Mythos Meets Reality: Small Models Find Same Zero-Day Bugs

AISLE ran the specific Mythos vulnerabilities Anthropic highlighted on April 7 through cheap, open-weights models and found that eight out of eight detected Mythos's flagship FreeBSD exploit. One model had just 3.6 billion active parameters and costs $0.11 per million tokens. A 5.1B-parameter open model recovered the core chain of a 27-year-old OpenBSD bug. Anthropic announced Mythos alongside Project Glasswing, committing up to $100M in usage credits and framing it as a breakthrough for autonomous zero-day discovery. The implied message: you need frontier-scale intelligence for serious security work. AISLE's evidence suggests you don't.

They would know. AISLE has operated its own discovery and remediation pipeline since mid-2025, finding 15 CVEs in OpenSSL, 5 in curl, and over 180 externally validated CVEs across 30+ projects. Stanislav Fort at AISLE describes AI cybersecurity capability as "jagged". Rankings reshuffle completely across tasks. No single model consistently wins. AISLE is model-agnostic by design, and their pitch is blunt: a thousand adequate detectives searching everywhere beat one brilliant detective guessing where to look.

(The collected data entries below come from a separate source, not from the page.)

(* Let $Q$ be a quiver without oriented cycles and $\mathbf D=k\tilde Q/\mathcal I$. If $M$ is a $\Delta$-filtered $\mathbf D$-module and $i$ is a sink of $Q$, then $\mathrm{Ext}^1_{\mathbf D}(M,\Delta(i))=0$.
   Context: $k$ is an algebraically closed field. $\tilde Q$ is the double of $Q$ (arrows $\alpha\in Q_1$ and reversed arrows $\alpha^*:t(\alpha)\to s(\alpha)$), paths composed right to left; $\mathcal I$ is the ideal of $k\tilde Q$ generated by $\alpha^*\alpha-\sum_{\gamma\in Q_1,t(\gamma)=s(\alpha)}\gamma\gamma^*$ ($\alpha\in Q_1$) and $\beta^*\alpha$ ($\alpha\ne\beta\in Q_1$ with $t(\alpha)=t(\beta)$). $\Delta(i)$ is the indecomposable projective $kQ$-module with simple top $L(i)$, regarded as a $\mathbf D$-module via the surjection $\mathbf D\to kQ$ killing all $\alpha^*$. A $\mathbf D$-module is $\Delta$-filtered if it has a chain of submodules whose successive quotients are isomorphic to modules $\Delta(j)$. A vertex is a sink if no arrow of $Q$ starts there, a source if no arrow of $Q$ ends there. *)

theory Defs
  imports "Jordan_Normal_Form.Matrix" "HOL-Computational_Algebra.Polynomial"
begin

definition alg_closed :: "'k::field itself \<Rightarrow> bool" where
  "alg_closed _ \<longleftrightarrow> (\<forall>p::'k poly. degree p > 0 \<longrightarrow> (\<exists>x. poly p x = 0))"

text \<open>A (finite-dimensional) D-module is a representation of the double quiver:
  vector space k^(dimv v) at vertex v, matrix amap a : s a -> t a for each arrow a,
  matrix smap a : t a -> s a for the reversed arrow a*, satisfying the relations of I.
  Paths are composed right to left.\<close>
record ('v, 'e, 'k) drep =
  dimv :: "'v \<Rightarrow> nat"
  amap :: "'e \<Rightarrow> 'k mat"
  smap :: "'e \<Rightarrow> 'k mat"

definition is_Drep :: "('e::finite \<Rightarrow> 'v) \<Rightarrow> ('e \<Rightarrow> 'v) \<Rightarrow> ('v, 'e, 'k::field) drep \<Rightarrow> bool" where
  "is_Drep s t M \<longleftrightarrow>
    (\<forall>a. amap M a \<in> carrier_mat (dimv M (t a)) (dimv M (s a))
       \<and> smap M a \<in> carrier_mat (dimv M (s a)) (dimv M (t a))) \<and>
    (\<forall>a. \<forall>i < dimv M (s a). \<forall>j < dimv M (s a).
        (smap M a * amap M a) $$ (i, j)
          = (\<Sum>c \<in> {c. t c = s a}. (amap M c * smap M c) $$ (i, j))) \<and>
    (\<forall>a b. a \<noteq> b \<and> t a = t b \<longrightarrow>
        smap M b * amap M a = 0\<^sub>m (dimv M (s b)) (dimv M (s a)))"

definition is_hom :: "('e \<Rightarrow> 'v) \<Rightarrow> ('e \<Rightarrow> 'v) \<Rightarrow> ('v, 'e, 'k::field) drep \<Rightarrow> ('v, 'e, 'k) drep
    \<Rightarrow> ('v \<Rightarrow> 'k mat) \<Rightarrow> bool" where
  "is_hom s t M N f \<longleftrightarrow>
    (\<forall>v. f v \<in> carrier_mat (dimv N v) (dimv M v)) \<and>
    (\<forall>a. amap N a * f (s a) = f (t a) * amap M a \<and> smap N a * f (t a) = f (s a) * smap M a)"

definition is_ses :: "('e \<Rightarrow> 'v) \<Rightarrow> ('e \<Rightarrow> 'v) \<Rightarrow> ('v, 'e, 'k::field) drep \<Rightarrow> ('v, 'e, 'k) drep
    \<Rightarrow> ('v, 'e, 'k) drep \<Rightarrow> ('v \<Rightarrow> 'k mat) \<Rightarrow> ('v \<Rightarrow> 'k mat) \<Rightarrow> bool" where
  "is_ses s t L E M f g \<longleftrightarrow> is_hom s t L E f \<and> is_hom s t E M g \<and>
    (\<forall>v. (\<forall>x \<in> carrier_vec (dimv L v). f v *\<^sub>v x = 0\<^sub>v (dimv E v) \<longrightarrow> x = 0\<^sub>v (dimv L v)) \<and>
         (\<forall>z \<in> carrier_vec (dimv M v). \<exists>y \<in> carrier_vec (dimv E v). g v *\<^sub>v y = z) \<and>
         (\<forall>y \<in> carrier_vec (dimv E v). g v *\<^sub>v y = 0\<^sub>v (dimv M v)
              \<longleftrightarrow> (\<exists>x \<in> carrier_vec (dimv L v). y = f v *\<^sub>v x)))"

text \<open>Ext^1_D(M,N) = 0 (Yoneda description): every extension 0 -> N -> E -> M -> 0
  of D-modules splits.\<close>
definition Ext1_vanishes :: "('e::finite \<Rightarrow> 'v) \<Rightarrow> ('e \<Rightarrow> 'v) \<Rightarrow> ('v, 'e, 'k::field) drep
    \<Rightarrow> ('v, 'e, 'k) drep \<Rightarrow> bool" where
  "Ext1_vanishes s t M N \<longleftrightarrow>
    (\<forall>E f g. is_Drep s t E \<longrightarrow> is_ses s t N E M f g \<longrightarrow>
       (\<exists>h. is_hom s t M E h \<and> (\<forall>v. g v * h v = 1\<^sub>m (dimv M v))))"

text \<open>Paths from i to j, as lists of arrows, composed right to left (alpha p = alpha # p).\<close>
inductive qpath :: "('e \<Rightarrow> 'v) \<Rightarrow> ('e \<Rightarrow> 'v) \<Rightarrow> 'v \<Rightarrow> 'v \<Rightarrow> 'e list \<Rightarrow> bool"
  for s t where
  nil: "qpath s t i i []"
| cons: "qpath s t i (s a) p \<Longrightarrow> qpath s t i (t a) (a # p)"

definition path_basis :: "('e \<Rightarrow> 'v) \<Rightarrow> ('e \<Rightarrow> 'v) \<Rightarrow> 'v \<Rightarrow> 'v \<Rightarrow> 'e list list" where
  "path_basis s t i j = (SOME xs. distinct xs \<and> set xs = {p. qpath s t i j p})"

text \<open>Delta(i) = kQ e_i, the indecomposable projective kQ-module with top L(i):
  at vertex j it has basis the paths from i to j, arrows act by left composition,
  reversed arrows act by zero.\<close>
definition Delta :: "('e \<Rightarrow> 'v) \<Rightarrow> ('e \<Rightarrow> 'v) \<Rightarrow> 'v \<Rightarrow> ('v, 'e, 'k::field) drep" where
  "Delta s t i = \<lparr> dimv = (\<lambda>j. length (path_basis s t i j)),
     amap = (\<lambda>a. mat (length (path_basis s t i (t a))) (length (path_basis s t i (s a)))
               (\<lambda>(r, c). if path_basis s t i (t a) ! r = a # (path_basis s t i (s a) ! c)
                         then 1 else 0)),
     smap = (\<lambda>a. 0\<^sub>m (length (path_basis s t i (s a))) (length (path_basis s t i (t a)))) \<rparr>"

text \<open>Delta-filtered: a chain 0 = M_0 <= ... <= M_n = M with M_k/M_(k-1) = Delta(j_k),
  expressed recursively through the top step 0 -> M_(n-1) -> M -> Delta(j_n) -> 0.\<close>
inductive Delta_filtered :: "('e::finite \<Rightarrow> 'v) \<Rightarrow> ('e \<Rightarrow> 'v) \<Rightarrow> ('v, 'e, 'k::field) drep \<Rightarrow> bool"
  for s t where
  zero: "is_Drep s t M \<Longrightarrow> (\<forall>v. dimv M v = 0) \<Longrightarrow> Delta_filtered s t M"
| step: "Delta_filtered s t M' \<Longrightarrow> is_Drep s t M \<Longrightarrow> is_ses s t M' M (Delta s t j) f g
          \<Longrightarrow> Delta_filtered s t M"

end

theory Submission
  imports Defs
begin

Critics on Hacker News pushed back on the methodology. Some pointed out that AISLE tested older model versions like Qwen3 32B and DeepSeek R1 when newer releases would likely score higher. The bigger complaint: AISLE pointed models directly at flawed code rather than testing autonomous discovery, which is the genuinely hard part. Let small models roam free to find bugs and you'd likely drown in false positives. The study may undersell what Mythos actually does end-to-end.

None of this kills AISLE's point. If cheap models handle much of the detection work, the real advantage is in how you orchestrate the whole thing. What code you look at. How you test your guesses. How you separate real bugs from noise. Whether maintainers trust you enough to accept your patches. AISLE's security analyzer now runs on OpenSSL and curl pull requests, catching bugs before they ship. The OpenSSL CTO praised their "high quality of the reports and constructive collaboration throughout the remediation." That's the full loop from discovery to accepted patch, and AISLE closed it without needing one proprietary model to do so.